I have some RNA-seq data for which I am testing for differential gene expression. I am currently in the process of annotating and doing over representation testing and pathway analysis for my genes, but I have encountered some problems.
My species is bovine, so my first tought was performing the annotation using the org.Bt.eg.db package from bioconductor and proceeding with the packages GOstats and Kegg.db for over representation and pathway analysis. When converting my Ensembl gene IDs to Entrez IDs (required by the GOstats) using the annotation package, I found that 398 of my genes were not assigned to any Entrez ID and 457 were assigned to more than one Entrez ID (sometimes 5 different Entrez IDs). When I checked for the genes with more than one Entrez IDs, I found that most of the Entrez IDs had nothing to do with the actual Ensembl gene. Also, I checked some of the genes that had no Entrez IDs by performing a blast against the NCBI database, and found that several actually had an Entrez ID associated to it.

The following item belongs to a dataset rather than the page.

(* Let $k\in\{0,1,\dots,\alpha\}$ and $j\in\{1,\dots,2^{\alpha-k}\}$, and let $m$ be a positive integer. Define $R_{k,j}(s)=\max\{r(s,i): (j-1)2^k<i\le j2^k\}$. Then there exist a positive integer $D$ and a residual network $f(\cdot,\tilde\theta^{(k)}_j)$ of size $(d,6^km,D,k+1)$ such that $$\mathbb E_{s\sim\mathcal D}\big(f(s,\tilde\theta^{(k)}_j)-R_{k,j}(s)\big)^2\le 5^k\,\frac{16\sum_{i=(j-1)2^k+1}^{j2^k}\|r(\cdot,i)\|_{\mathcal B}^2}{m}$$ and $\|\tilde\theta^{(k)}_j\|_{\mathcal P}\le (7/2)^k\sum_{i=(j-1)2^k+1}^{j2^k}12\|r(\cdot,i)\|_{\mathcal B}$.
   Context: Residual networks: for positive integers $d,m,D,L$, a residual network of size $(d,m,D,L)$ is a function $f(\cdot,\theta):\mathbb R^d\to\mathbb R$, $f(x,\theta)=u^{\top}h^{[L]}$, where $h^{[0]}=Vx$ and $h^{[l]}=h^{[l-1]}+U^{[l]}\sigma(W^{[l]}h^{[l-1]})$ for $l=1,\dots,L$, with $V\in\mathbb R^{D\times d}$, $W^{[l]}\in\mathbb R^{m\times D}$, $U^{[l]}\in\mathbb R^{D\times m}$, $u\in\mathbb R^D$, $\sigma(z)=\max(z,0)$ applied entrywise, and $\theta=(u,V,\{W^{[l]}\}_{l=1}^L,\{U^{[l]}\}_{l=1}^L)$. Its weighted path norm is $\|\theta\|_{\mathcal P}=\big\||u|^{\top}(I+3|U^{[L]}||W^{[L]}|)\cdots(I+3|U^{[1]}||W^{[1]}|)|V|\big\|_1$, where $|\cdot|$ of a matrix/vector is entrywise absolute value and $I$ is the $D\times D$ identity. Barron space: for a compact $S\subset\mathbb R^d$, $h:S\to\mathbb R$ is in the Barron space $\mathcal B(S)$ if there is a probability measure $\rho$ on $\mathbb R\times\mathbb R^d$ with $h(x)=\mathbb E_{(u,w)\sim\rho}[u\,\sigma(w^{\top}x)]$ for all $x\in S$; its Barron norm is $\|h\|_{\mathcal B}=\inf_\rho(\mathbb E_{\rho}[u^2\|w\|_1^2])^{1/2}$, the infimum over all such $\rho$. Setting: $S\subseteq[0,1]^d$ is compact with positive Lebesgue measure and $\mathcal D$ is the uniform distribution on $S$; $A=\{1,\dots,2^{\alpha}\}$ with $\alpha\ge0$ an integer; $r:S\times A\to\mathbb R$ with each $r(\cdot,a)$ continuous, in $\mathcal B(S)$, and $|r(s,a)|\le1$. *)

theory Defs
  imports "HOL-Probability.Probability"
begin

I then tried converting my genes using Biomart, which gave me ~1200 genes with no corresponding Entrez IDs.
My question is, is there a way/package to perform overrepresentation testing and pathway analysis without using Entrez IDs as an input? Most packages require Entrez IDs and I am feeling lost on what to do.
I found that topGO can be used for the overrepresentation testing using Ensembl IDs, but not sure on how to proceed from there. If someone can help me out here I would appreciate it. Btw, in case it is important, I am using the release 84 of the Bos taurus genome from Ensembl.